Shared clouds are kind of like colocation. You share storage space for your data with another group of users. You typically get a discount by sharing space without as much risk as a public cloud.

Public clouds like AWS and Microsoft Azure are shared by a bigger group of users. Your data is spread across many data centers across other countries. This is a great option if you need cheap storage space but don’t need to worry about privacy or compliance.

Ownership: Own v. Rent or Lease

Can you afford to buy your own servers?

buy or rent servers

BYOD (bring your own device) is a great option if you want full control over your equipment. Choose the right server equipment for your company and set it up in the data center.

Renting or leasing equipment can be helpful if you don’t have the budget to buy a lot of servers or don’t know what you need. You can also get discounts by purchasing from technology resellers.
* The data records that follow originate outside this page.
(* Let $f\colon M\to\mathbb H$ be a minimal conformal immersion on a simply connected Riemann surface with right normal $R$ and conjugate $f^*$. Let $\mu\in\mathbb C\setminus\{0,1\}$, $m\in\mathbb H_*$, $\hat a=m\frac{\mu+\mu^{-1}}2m^{-1}$, $\hat b=mi\frac{\mu^{-1}-\mu}2m^{-1}$, $\rho=m\frac{i(1+\mu)}{1-\mu}m^{-1}$, and consider the minimal surface $h=f\hat b+f^*(\hat a-1)$ in the right associated family of $f$, with conjugate $h^*=f^*\hat b-f(\hat a-1)$ and right normal $R_h=(\rho+R)R(\rho+R)^{-1}$. Then $$(fR-f^* )(R+\rho)^{-1}=-\tfrac12\big(hR_h-h^*\big).$$ Consequently every non-constant $\mu$-Darboux transform $f^\sharp=(fR-f^* )(R+\rho)^{-1}$ of $f$ is the associated Willmore surface $gR_g-g^*$ of the minimal surface $g=-\tfrac12 h$ in the right associated family of $f$.
   Context: Quaternions $\mathbb H$, $\mathbb H_*=\mathbb H\setminus\{0\}$, $\mathbb C=\operatorname{span}_{\mathbb R}\{1,i\}$. $*\omega(X)=\omega(JX)$; right normal defined by $*df=-df\,R$; conjugate surface $df^*=-*df$. The right associated family of $f$ consists of the minimal surfaces $fp+f^*q$, $p,q\in\mathbb H$. For a minimal surface $g$ with right normal $R_g$ and conjugate $g^*$, the associated Willmore surface is $g^\flat=gR_g-g^*$. The non-constant $\mu$-Darboux transforms of $f$ (line bundles spanned by parallel sections of the associated family of flat connections of the conformal Gauss map of $f$ at $\lambda=\mu$, not of the form $(n,0)^t$) are exactly the maps $(fR-f^* )(R+\rho)^{-1}$ with $m\in\mathbb H_*$ and $f^*$ a conjugate surface. *)

theory Defs
  imports "HOL-Analysis.Analysis"
begin

datatype quat = Quat (qRe: real) (qI: real) (qJ: real) (qK: real)

lemma quat_eq_iff: "x = y \<longleftrightarrow> qRe x = qRe y \<and> qI x = qI y \<and> qJ x = qJ y \<and> qK x = qK y"
  by (cases x; cases y) auto

lemma quat_eqI: "qRe x = qRe y \<Longrightarrow> qI x = qI y \<Longrightarrow> qJ x = qJ y \<Longrightarrow> qK x = qK y \<Longrightarrow> x = y"
  by (simp add: quat_eq_iff)

instantiation quat :: ab_group_add
begin
definition "0 = Quat 0 0 0 0"
definition "x + y = Quat (qRe x + qRe y) (qI x + qI y) (qJ x + qJ y) (qK x + qK y)"
definition "- x = Quat (- qRe x) (- qI x) (- qJ x) (- qK x)"
definition "x - y = Quat (qRe x - qRe y) (qI x - qI y) (qJ x - qJ y) (qK x - qK y)"
instance by standard (simp_all add: quat_eq_iff zero_quat_def plus_quat_def uminus_quat_def minus_quat_def)
end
Maintenance: Self-Service v. Managed

Do you have time to manage your servers?

managed colocation

Large companies rely on their IT teams to set up, maintain, and monitor data and servers. They’re experts on what the company needs and can help integrate technology with other initiatives within the company.

If you don’t have IT expertise at your company, hire a managed service provider to handle your technology and servers. Choosing the right IT company is your big challenge here.

Redundancy: Certified Tier I, II, III, or IV

How much uptime do you rely on?

data center uptime tiers

Data centers are grouped into different tier level certifications, ranked from Tier I to Tier IV.

Tier I data centers provide cooling and power but don’t have any redundancy. If the power or internet goes out, your server goes down. They’re allowed up to 28 hours of downtime a year.

At higher tiers, you’ll pay more for redundancy to keep your servers up. These data centers add redundancy to keep servers running even in the event of a power, cooling, infrastructure, or internet outage. Tier IV data centers are allowed no more than 26 minutes of downtime a year.

Ecommerce sites and high traffic sites need to stay up to produce revenue, so redundancy is essential. For a small shop, full redundancy might not be needed.